Martial glory. The blind young man in the covered trench stopped for a moment, staring through sightless eyes at a wall of earth and timber bracing. Remembering, and wondering.
The martial glory Calopodius had sought, when he left a new wife in Constantinople, had certainly come to him. Of that, he had no doubt at all. His own soldiers thought so, and said so often enough-those who had survived-and Calopodius was quite certain that his praises would soon be spoken in the Senate.
Precious few of the Roman Empire's most illustrious families had achieved any notable feats of arms in the great war against the Malwa. Beginning with the top commander Belisarius himself, born into the lower Thracian nobility, it had been largely a war fought by men from low stations in life. Commoners, in the main. Agathius-the now-famous hero of Anatha and the Dam-had been born into a baker's family, about as menial a position as any short of outright slavery.
Other than Sittas, who was now leading Belisarius' cataphracts in the Punjab, almost no Greek noblemen had fought in the Malwa war. And even Sittas, before the Indus campaign, had spent the war commanding the garrison in Constantinople which overawed the hostile aristocracy and kept the dynasty on the throne.
Had it been worth it?
Reaching up and touching gently the emptiness which had once been his eyes, Calopodius was still not sure. Like many other young members of the nobility, he had been swept up with enthusiasm after the news came that Belisarius had shattered the Malwa in Mesopotamia. Let the adult members of the aristocracy whine and complain in their salons. The youth were burning to serve.
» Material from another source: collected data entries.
(* Let $\mathbf z=(z_i)_{i=1}^N$ be a crystal, $a_0\in(0,a)$, and let $\mathbf x=(x_i)_{i=1}^N$ satisfy $|x_i-x_j|>b$ for all non-neighboring pairs $\{i,j\}$ (of $\mathbf z$) and $|x_i-x_j|\ge a_0$ for all neighboring pairs $\langle i,j\rangle$. Put $\mathbf h=\mathbf x-\mathbf z$. Then there exists $C>0$, not depending on $\mathbf x$, $\mathbf z$ or $N$, such that $$\Big|H(\mathbf x)-\{H(\mathbf z)+\tfrac12\mathcal E_1(\mathbf h)\}\Big|\le C\sum_{\langle i,j\rangle}|h_i-h_j|^3,\qquad |G(\mathbf x)-\mathcal E_2(\mathbf h)|\le C\sum_{\langle i,j\rangle}|h_i-h_j|^3.$$
   Context: Let $d\ge1$, $U\in C^3_0(\mathbb R)$ even with a unique $a>0$ with $U(a)=\min_{r\ge0}U(r)$ and $\check c:=U''(a)>0$; $U(x)=U(|x|)$ on $\mathbb R^d$; $b=\inf\{r>0:U(s)=0\ \forall s>r\}$. $H(\mathbf x)=\sum_{i<j}U(x_i-x_j)$ and $G(\mathbf x)=\sum_{i=1}^N|\nabla_{x_i}H(\mathbf x)|^2$. A crystal is $\mathbf z$ with $|z_i-z_j|=a$ or $>b$ for $i\ne j$; neighboring pairs $\langle i,j\rangle$ are those with $|z_i-z_j|=a$. $\mathcal E_1(\mathbf h)=\frac{\check c}{a^2}\sum_{\langle i,j\rangle}(h_i-h_j,z_i-z_j)^2$ and $\mathcal E_2(\mathbf h)=\frac{\check c^2}{a^4}\sum_{i=1}^N\big|\sum_{j:\langle i,j\rangle}(h_i-h_j,z_i-z_j)(z_i-z_j)\big|^2$. *)

theory Defs
  imports "HOL-Analysis.Analysis"
begin

definition C3 :: "(real \<Rightarrow> real) \<Rightarrow> bool" where
  "C3 U \<longleftrightarrow> (\<forall>k<3. \<forall>r. ((deriv ^^ k) U has_real_derivative (deriv ^^ Suc k) U r) (at r))
     \<and> continuous_on UNIV ((deriv ^^ 3) U)"

definition compact_supp :: "(real \<Rightarrow> real) \<Rightarrow> bool" where
  "compact_supp U \<longleftrightarrow> (\<exists>R. \<forall>r. R < \<bar>r\<bar> \<longrightarrow> U r = 0)"

definition range_b :: "(real \<Rightarrow> real) \<Rightarrow> real" where
  "range_b U = Inf {r. 0 < r \<and> (\<forall>s>r. U s = 0)}"

definition Hen :: "(real \<Rightarrow> real) \<Rightarrow> nat \<Rightarrow> (nat \<Rightarrow> 'a::real_normed_vector) \<Rightarrow> real" where
  "Hen U N x = (\<Sum>j<N. \<Sum>i<j. U (norm (x i - x j)))"

definition grad_i :: "(real \<Rightarrow> real) \<Rightarrow> nat \<Rightarrow> (nat \<Rightarrow> 'a::real_inner) \<Rightarrow> nat \<Rightarrow> 'a" where
  "grad_i U N x i = (THE D. GDERIV (\<lambda>y. Hen U N (x(i := y))) (x i) :> D)"

definition Gen :: "(real \<Rightarrow> real) \<Rightarrow> nat \<Rightarrow> (nat \<Rightarrow> 'a::real_inner) \<Rightarrow> real" where
  "Gen U N x = (\<Sum>i<N. (norm (grad_i U N x i))\<^sup>2)"

definition crystal :: "(real \<Rightarrow> real) \<Rightarrow> real \<Rightarrow> nat \<Rightarrow> (nat \<Rightarrow> 'a::real_normed_vector) \<Rightarrow> bool" where
  "crystal U a N z \<longleftrightarrow> (\<forall>i<N. \<forall>j<N. i \<noteq> j \<longrightarrow>
      norm (z i - z j) = a \<or> norm (z i - z j) > range_b U)"

definition nbr :: "real \<Rightarrow> (nat \<Rightarrow> 'a::real_normed_vector) \<Rightarrow> nat \<Rightarrow> nat \<Rightarrow> bool" where
  "nbr a z i j \<longleftrightarrow> i \<noteq> j \<and> norm (z i - z j) = a"

definition nbr_pairs :: "real \<Rightarrow> nat \<Rightarrow> (nat \<Rightarrow> 'a::real_normed_vector) \<Rightarrow> (nat \<times> nat) set" where
  "nbr_pairs a N z = {(i, j). i < j \<and> j < N \<and> nbr a z i j}"

definition E1 :: "real \<Rightarrow> real \<Rightarrow> nat \<Rightarrow> (nat \<Rightarrow> 'a::real_inner) \<Rightarrow> (nat \<Rightarrow> 'a) \<Rightarrow> real" where
  "E1 c a N z h = c / a\<^sup>2 * (\<Sum>(i, j)\<in>nbr_pairs a N z. (inner (h i - h j) (z i - z j))\<^sup>2)"

definition E2 :: "real \<Rightarrow> real \<Rightarrow> nat \<Rightarrow> (nat \<Rightarrow> 'a::real_inner) \<Rightarrow> (nat \<Rightarrow> 'a) \<Rightarrow> real" where
  "E2 c a N z h = c\<^sup>2 / a ^ 4 * (\<Sum>i<N.
      (norm (\<Sum>j\<in>{j. j < N \<and> nbr a z i j}. inner (h i - h j) (z i - z j) *\<^sub>R (z i - z j)))\<^sup>2)"

end

theory Submission
  imports Defs
begin

(* Only neighbouring pairs interact, in the crystal z as well as in the perturbed configuration
   x, because every other distance exceeds the range b of U.  For a neighbouring pair with bond
   d = z_i - z_j (so |d| = a) and displacement e = h_i - h_j, a third-order Taylor expansion of U
   about its minimum a together with |d + e| - a = <e, d>/a + O(|e|^2) gives
   U(|d + e|) = U(a) + c/(2 a^2) <e, d>^2 + O(|e|^3); summing over pairs gives the energy estimate.
   Likewise the pair force U'(|d + e|) sgn(d + e) equals its linearisation c/a^2 <e, d> d up to
   O(|e|^2), where the lower bound a0 on |d + e| controls the change of direction.  As force and
   linearisation are both O(|e|), the squared norms of the total forces on a particle differ by
   O(|e|^3) times its number of neighbours, which a packing argument on the sphere of radius a
   bounds uniformly. *)

section \<open>Regularity of the potential\<close>

lemma C3_has_real_derivative:
  "C3 U \<Longrightarrow> k < 3 \<Longrightarrow> ((deriv ^^ k) U has_real_derivative (deriv ^^ Suc k) U r) (at r)"
  unfolding C3_def by blast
And serve they had… but only as couriers, in the beginning. It hadn't taken Calopodius long to realize that Belisarius intended to use him and his high-born fellows mainly for liaison with the haughty Persians, who were even more obsessed with nobility of blood-line than Greeks. The posts carried prestige-the couriers rode just behind Belisarius himself in formation-but little in the way of actual responsibility.